The revenue of the German-speaking Community is essentially made up of:

  • the endowment of the federal state: this is a lump sum fixed by law which the federal state transfers to the Community each year. The endowment of the federal state shall be adapted to:
    • the rate of variation of the consumer price index,
    • the growth of the gross national product, and
    • the growth rate of student numbers.
  • funds provided by the Walloon Region in the context of transfers of regional matters;
  • from own resources other than taxes (interest on reserves, gifts, estates, recoveries, etc.);
  • possibly from mortgages;
  • possibly from its own taxes: in principle, the German-speaking Community could levy taxes. In practice, however, this right is limited to matters which are not yet subject to taxation by another entity;
  • from project-related grants: The German-speaking Community may receive grants from other bodies (e.g. from the European Union for Interreg projects) for certain projects (e.g. job-creation measures, cross-border tourism infrastructure);
  • earmarked revenue for funds (variable appropriations).

The expenses

The expenses budget sets the expenditure ceiling for a financial year. This ceiling must not be exceeded, which requires a budgetary adjustment by decree.

The budget of the German-speaking Community is divided into seven main organisational areas:

  • OB 01: Parliament of the German-speaking Community
  • OB 10: Government of the German-speaking Community
  • OB 20: Ministry of the German-speaking Community
  • OB 30: Education, employment and training
  • OB 40: Youth, adult education, culture, sport, tourism
  • OB 50: Health and social affairs
  • OB 70: Infrastructures

The infrastructure plan, which is continuously updated by the Government, includes all current infrastructure projects of the budget year for which an application has been submitted and for which the Government has already made a commitment.

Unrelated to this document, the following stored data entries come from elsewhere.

lemma measurable_nn_integral_kernel_fun_upd:
  assumes F: "F \<in> borel_measurable (PiM (insert j L) (\<lambda>_. (borel::'d::topological_space measure)))"
    and K: "K \<in> borel \<rightarrow>\<^sub>M subprob_algebra (borel::'d measure)" and k: "k \<in> L"
  shows "(\<lambda>w. \<integral>\<^sup>+y. F (w(j := y)) \<partial>K (w k)) \<in> borel_measurable (PiM L (\<lambda>_. borel))"
proof (rule nn_integral_measurable_subprob_algebra2)
  show "(\<lambda>(w, y). F (w(j := y))) \<in> borel_measurable (PiM L (\<lambda>_. borel) \<Otimes>\<^sub>M borel)"
    using measurable_compose[OF measurable_fun_upd_PiM[where L=L and j=j] F] by (simp add: case_prod_beta')
  show "(\<lambda>w. K (w k)) \<in> PiM L (\<lambda>_. borel) \<rightarrow>\<^sub>M subprob_algebra borel"
    using measurable_compose[OF measurable_component_singleton[OF k] K] by simp
qed

lemma nn_integral_mult_indicator_cond_kernel:
  assumes "prob_space \<Omega>" and Xm: "\<And>i. X i \<in> borel_measurable \<Omega>"
    and K: "K \<in> borel \<rightarrow>\<^sub>M subprob_algebra borel" and B: "B \<in> sets borel"
    and cond: "AE \<omega> in \<Omega>. real_cond_exp \<Omega> (gen_sigma \<Omega> X I) (\<lambda>\<omega>. indicator B (X j \<omega>)) \<omega>
                 = measure (K (X j0 \<omega>)) B"
    and g: "g \<in> borel_measurable (gen_sigma \<Omega> X I)" "\<And>\<omega>. 0 \<le> g \<omega> \<and> g \<omega> \<le> 1"
  shows "(\<integral>\<^sup>+\<omega>. ennreal (g \<omega> * indicator B (X j \<omega>)) \<partial>\<Omega>)
       = (\<integral>\<^sup>+\<omega>. ennreal (g \<omega>) * emeasure (K (X j0 \<omega>)) B \<partial>\<Omega>)"
proof -
  interpret prob_space \<Omega> by fact
  have sub: "subalgebra \<Omega> (gen_sigma \<Omega> X I)" by (rule subalgebra_gen_sigma[OF Xm])
  interpret finite_measure_subalgebra \<Omega> "gen_sigma \<Omega> X I"
    by unfold_locales (rule sub)
  have gm: "g \<in> borel_measurable \<Omega>" by (rule measurable_from_subalg[OF sub g(1)])
  have indm: "(\<lambda>\<omega>. indicator B (X j \<omega>) :: real) \<in> borel_measurable \<Omega>"
    using B Xm by measurable
  have Km: "(\<lambda>\<omega>. measure (K (X j0 \<omega>)) B) \<in> borel_measurable \<Omega>"
    using measurable_compose[OF measurable_compose[OF Xm K] measurable_measure_subprob_algebra[OF B]] by simp
  have K_finite: "finite_measure (K x)" and K_le: "measure (K x) B \<le> 1" for x
    using measurable_space[OF K, of x]
    by (simp_all add: space_subprob_algebra subprob_space_def subprob_space.subprob_measure_le_1)
  have int_indicator: "integrable \<Omega> (\<lambda>\<omega>. g \<omega> * indicator B (X j \<omega>))"
    using g(2) by (intro integrable_const_bound[where B=1] borel_measurable_times gm indm)
      (auto simp: indicator_def abs_mult)
  have int_kernel: "integrable \<Omega> (\<lambda>\<omega>. g \<omega> * measure (K (X j0 \<omega>)) B)"
    using g(2) K_le by (intro integrable_const_bound[where B=1] borel_measurable_times gm Km)
      (auto simp: abs_mult intro!: mult_le_one)
  have "(\<integral>\<^sup>+\<omega>. ennreal (g \<omega> * indicator B (X j \<omega>)) \<partial>\<Omega>) = ennreal (\<integral>\<omega>. g \<omega> * indicator B (X j \<omega>) \<partial>\<Omega>)"
    using int_indicator g(2) by (intro nn_integral_eq_integral) auto
  also have "(\<integral>\<omega>. g \<omega> * indicator B (X j \<omega>) \<partial>\<Omega>)
      = (\<integral>\<omega>. g \<omega> * real_cond_exp \<Omega> (gen_sigma \<Omega> X I) (\<lambda>\<omega>. indicator B (X j \<omega>)) \<omega> \<partial>\<Omega>)"
    using real_cond_exp_intg(2)[OF int_indicator g(1) indm] by simp
  also have "\<dots> = (\<integral>\<omega>. g \<omega> * measure (K (X j0 \<omega>)) B \<partial>\<Omega>)"
    using cond by (intro integral_cong_AE)
      (auto intro!: gm Km borel_measurable_times borel_measurable_cond_exp2)
  also have "ennreal \<dots> = (\<integral>\<^sup>+\<omega>. ennreal (g \<omega> * measure (K (X j0 \<omega>)) B) \<partial>\<Omega>)"
    using int_kernel g(2) by (intro nn_integral_eq_integral[symmetric]) auto
  also have "\<dots> = (\<integral>\<^sup>+\<omega>. ennreal (g \<omega>) * emeasure (K (X j0 \<omega>)) B \<partial>\<Omega>)"
    using g(2) by (intro nn_integral_cong) (simp add: ennreal_mult finite_measure.emeasure_eq_measure[OF K_finite])
  finally show ?thesis .
qed

definition markov_transition ::
  "'a measure \<Rightarrow> (int \<Rightarrow> 'a \<Rightarrow> 'd::euclidean_space) \<Rightarrow> ('d \<Rightarrow> 'd measure) \<Rightarrow> int set \<Rightarrow> int \<Rightarrow> int \<Rightarrow> bool"
  where
  "markov_transition \<Omega> X K J j j0 \<longleftrightarrow>
     (\<forall>F \<in> borel_measurable (PiM (insert j J) (\<lambda>_. borel)).
        (\<integral>\<^sup>+\<omega>. F (\<lambda>i\<in>insert j J. X i \<omega>) \<partial>\<Omega>)
        = (\<integral>\<^sup>+\<omega>. \<integral>\<^sup>+y. F ((\<lambda>i\<in>J. X i \<omega>)(j := y)) \<partial>K (X j0 \<omega>) \<partial>\<Omega>))"

lemma measurable_kernel_fun_upd:
  fixes X :: "int \<Rightarrow> 'a \<Rightarrow> 'd::euclidean_space"
  assumes Xm: "\<And>i. X i \<in> borel_measurable \<Omega>" and K: "K \<in> borel \<rightarrow>\<^sub>M subprob_algebra borel"
  shows "(\<lambda>\<omega>. distr (K (X j0 \<omega>)) (PiM (insert j J) (\<lambda>_. borel)) (\<lambda>y. (\<lambda>i\<in>J. X i \<omega>)(j := y)))
      \<in> \<Omega> \<rightarrow>\<^sub>M subprob_algebra (PiM (insert j J) (\<lambda>_. borel))"
proof (rule measurable_distr2[OF _ measurable_compose[OF Xm K]])
  have "(\<lambda>p. (\<lambda>i\<in>J. X i (fst p), snd p)) \<in> \<Omega> \<Otimes>\<^sub>M borel \<rightarrow>\<^sub>M PiM J (\<lambda>_. borel) \<Otimes>\<^sub>M borel"
    by (intro measurable_Pair measurable_restrict measurable_compose[OF measurable_fst Xm] measurable_snd)
  from measurable_compose[OF this measurable_fun_upd_PiM]
  show "(\<lambda>(\<omega>, y). (\<lambda>i\<in>J. X i \<omega>)(j := y)) \<in> \<Omega> \<Otimes>\<^sub>M borel \<rightarrow>\<^sub>M PiM (insert j J) (\<lambda>_. borel)"
    by (simp add: case_prod_beta')
qed

lemma measurable_fun_upd_kernel:
  assumes "K \<in> borel \<rightarrow>\<^sub>M subprob_algebra (borel::'d::euclidean_space measure)"
  shows "(\<lambda>y. (\<lambda>i\<in>J. w i)(j := y)) \<in> K x \<rightarrow>\<^sub>M PiM (insert j J) (\<lambda>_. (borel::'d measure))"
proof -
  have sets: "sets (K x) = sets borel"
    using subprob_measurableD(2)[OF assms, of x] by simp
  show ?thesis
    unfolding measurable_cong_sets[OF sets refl]
    by (rule measurable_fun_upd_PiM_single) (simp add: space_PiM)
qed

lemma emeasure_window_rectangle:
  fixes X :: "int \<Rightarrow> 'a \<Rightarrow> 'd::euclidean_space"
  assumes "prob_space \<Omega>" and Xm: "\<And>i. X i \<in> borel_measurable \<Omega>"
    and J: "finite J" "J \<subseteq> I" "j \<notin> J"
    and K: "K \<in> borel \<rightarrow>\<^sub>M subprob_algebra borel"
    and cond: "\<forall>B\<in>sets borel. AE \<omega> in \<Omega>.
        real_cond_exp \<Omega> (gen_sigma \<Omega> X I) (\<lambda>\<omega>. indicator B (X j \<omega>)) \<omega> = measure (K (X j0 \<omega>)) B"
    and A: "\<And>i. i \<in> insert j J \<Longrightarrow> A i \<in> sets borel"
  shows "emeasure (distr \<Omega> (PiM (insert j J) (\<lambda>_. borel)) (\<lambda>\<omega>. \<lambda>i\<in>insert j J. X i \<omega>)) (Pi\<^sub>E (insert j J) A)
       = (\<integral>\<^sup>+\<omega>. indicator {\<omega>. \<forall>i\<in>J. X i \<omega> \<in> A i} \<omega> * emeasure (K (X j0 \<omega>)) (A j) \<partial>\<Omega>)"
proof -
  define W where "W = (\<lambda>\<omega>. \<lambda>i\<in>insert j J. X i \<omega>)"
  define g where "g = (\<lambda>\<omega>. indicator {\<omega>. \<forall>i\<in>J. X i \<omega> \<in> A i} \<omega> :: real)"
  have W: "W \<in> \<Omega> \<rightarrow>\<^sub>M PiM (insert j J) (\<lambda>_. borel)"
    unfolding W_def by (intro measurable_restrict Xm)
  have AL: "Pi\<^sub>E (insert j J) A \<in> sets (PiM (insert j J) (\<lambda>_. borel))"
    using A J by (intro sets_PiM_I_finite) auto
  have "g = (\<lambda>\<omega>. \<Prod>i\<in>J. indicator (A i) (X i \<omega>))"
    unfolding g_def using J by (auto simp: fun_eq_iff indicator_def)
  then have gm: "g \<in> borel_measurable (gen_sigma \<Omega> X I)"
    using A J by (auto intro!: borel_measurable_prod measurable_compose[OF measurable_gen_sigma[OF Xm]])
  have "indicator (W -` Pi\<^sub>E (insert j J) A \<inter> space \<Omega>) \<omega> = ennreal (g \<omega> * indicator (A j) (X j \<omega>))"
    if "\<omega> \<in> space \<Omega>" for \<omega>
    using that by (auto simp: g_def W_def indicator_def PiE_def Pi_iff)
  then have "emeasure (distr \<Omega> (PiM (insert j J) (\<lambda>_. borel)) W) (Pi\<^sub>E (insert j J) A)
      = (\<integral>\<^sup>+\<omega>. ennreal (g \<omega> * indicator (A j) (X j \<omega>)) \<partial>\<Omega>)"
    using measurable_sets[OF W AL]
    by (simp add: emeasure_distr[OF W AL] nn_integral_indicator[symmetric] cong: nn_integral_cong)
  also have "\<dots> = (\<integral>\<^sup>+\<omega>. ennreal (g \<omega>) * emeasure (K (X j0 \<omega>)) (A j) \<partial>\<Omega>)"
    using cond A by (intro nn_integral_mult_indicator_cond_kernel[OF assms(1) Xm K _ _ gm]) (auto simp: g_def)
  finally show ?thesis by (simp add: W_def g_def ennreal_indicator)
qed

lemma distr_window_insert_eq_bind:
  fixes X :: "int \<Rightarrow> 'a \<Rightarrow> 'd::euclidean_space"
  assumes "prob_space \<Omega>" and Xm: "\<And>i. X i \<in> borel_measurable \<Omega>"
    and J: "finite J" "J \<subseteq> I" "j \<notin> J"
    and K: "K \<in> borel \<rightarrow>\<^sub>M subprob_algebra borel"
    and cond: "\<forall>B\<in>sets borel. AE \<omega> in \<Omega>.
        real_cond_exp \<Omega> (gen_sigma \<Omega> X I) (\<lambda>\<omega>. indicator B (X j \<omega>)) \<omega> = measure (K (X j0 \<omega>)) B"
  shows "distr \<Omega> (PiM (insert j J) (\<lambda>_. borel)) (\<lambda>\<omega>. \<lambda>i\<in>insert j J. X i \<omega>)
       = \<Omega> \<bind> (\<lambda>\<omega>. distr (K (X j0 \<omega>)) (PiM (insert j J) (\<lambda>_. borel)) (\<lambda>y. (\<lambda>i\<in>J. X i \<omega>)(j := y)))"
proof -
  interpret prob_space \<Omega> by fact
  define N where
    "N = (\<lambda>\<omega>. distr (K (X j0 \<omega>)) (PiM (insert j J) (\<lambda>_. borel)) (\<lambda>y. (\<lambda>i\<in>J. X i \<omega>)(j := y)))"
  have N: "N \<in> \<Omega> \<rightarrow>\<^sub>M subprob_algebra (PiM (insert j J) (\<lambda>_. borel))"
    unfolding N_def by (rule measurable_kernel_fun_upd[OF Xm K])
  have W: "(\<lambda>\<omega>. \<lambda>i\<in>insert j J. X i \<omega>) \<in> \<Omega> \<rightarrow>\<^sub>M PiM (insert j J) (\<lambda>_. borel)"
    by (intro measurable_restrict Xm)
  have "distr \<Omega> (PiM (insert j J) (\<lambda>_. borel)) (\<lambda>\<omega>. \<lambda>i\<in>insert j J. X i \<omega>) = \<Omega> \<bind> N"
  proof (rule measure_eqI_PiM_finite)
    show "finite (insert j J)" using J by simp
    show "sets (\<Omega> \<bind> N) = sets (PiM (insert j J) (\<lambda>_. borel))"
      by (rule sets_bind_measurable[OF N]) (simp add: not_empty)
    show "range (\<lambda>_::nat. space (PiM (insert j J) (\<lambda>_. (borel::'d measure)))) \<subseteq> prod_algebra (insert j J) (\<lambda>_. borel)"
      using space_in_prod_algebra[of "insert j J" "\<lambda>_. borel"] by (simp add: space_PiM)
  next
    fix A assume A: "\<And>i. i \<in> insert j J \<Longrightarrow> A i \<in> sets (borel::'d measure)"
    have AL: "Pi\<^sub>E (insert j J) A \<in> sets (PiM (insert j J) (\<lambda>_. borel))"
      using A J by (intro sets_PiM_I_finite) auto
    have "(\<lambda>y. (\<lambda>i\<in>J. X i \<omega>)(j := y)) -` Pi\<^sub>E (insert j J) A \<inter> space (K (X j0 \<omega>))
        = (if \<forall>i\<in>J. X i \<omega> \<in> A i then A j else {})" for \<omega>
      using J(3) sets_eq_imp_space_eq[OF subprob_measurableD(2)[OF K]]
      by (auto simp: PiE_def Pi_iff split: if_splits)
    then have "emeasure (N \<omega>) (Pi\<^sub>E (insert j J) A)
        = indicator {\<omega>. \<forall>i\<in>J. X i \<omega> \<in> A i} \<omega> * emeasure (K (X j0 \<omega>)) (A j)" for \<omega>
      using AL measurable_fun_upd_kernel[OF K, where w="\<lambda>i. X i \<omega>" and J=J and j=j and x="X j0 \<omega>"]
      by (simp add: N_def emeasure_distr indicator_def)
    then show "emeasure (distr \<Omega> (PiM (insert j J) (\<lambda>_. borel)) (\<lambda>\<omega>. \<lambda>i\<in>insert j J. X i \<omega>)) (Pi\<^sub>E (insert j J) A)
        = emeasure (\<Omega> \<bind> N) (Pi\<^sub>E (insert j J) A)"
      using emeasure_window_rectangle[OF assms A] AL by (simp add: emeasure_bind[OF not_empty N])
  qed (simp_all add: emeasure_distr[OF W])
  then show ?thesis by (simp add: N_def)
qed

Specifically, these are projects for which a commitment appropriation has already been provided in the current expenditure budget.

The so-called variable credits are earmarked for expenditure, which will be implemented through the budgetary funds. These credits may relate to both current expenditure and investment expenditure.

Unlike the allocated appropriations, the variable credits are not limited. This is due to the fact that, unlike general revenue, the financial resources of the budgetary funds available at the end of a financial year can be carried over to the next year, and the estimated variable credits of a budget year therefore evolve in line with the earmarked revenue actually recorded.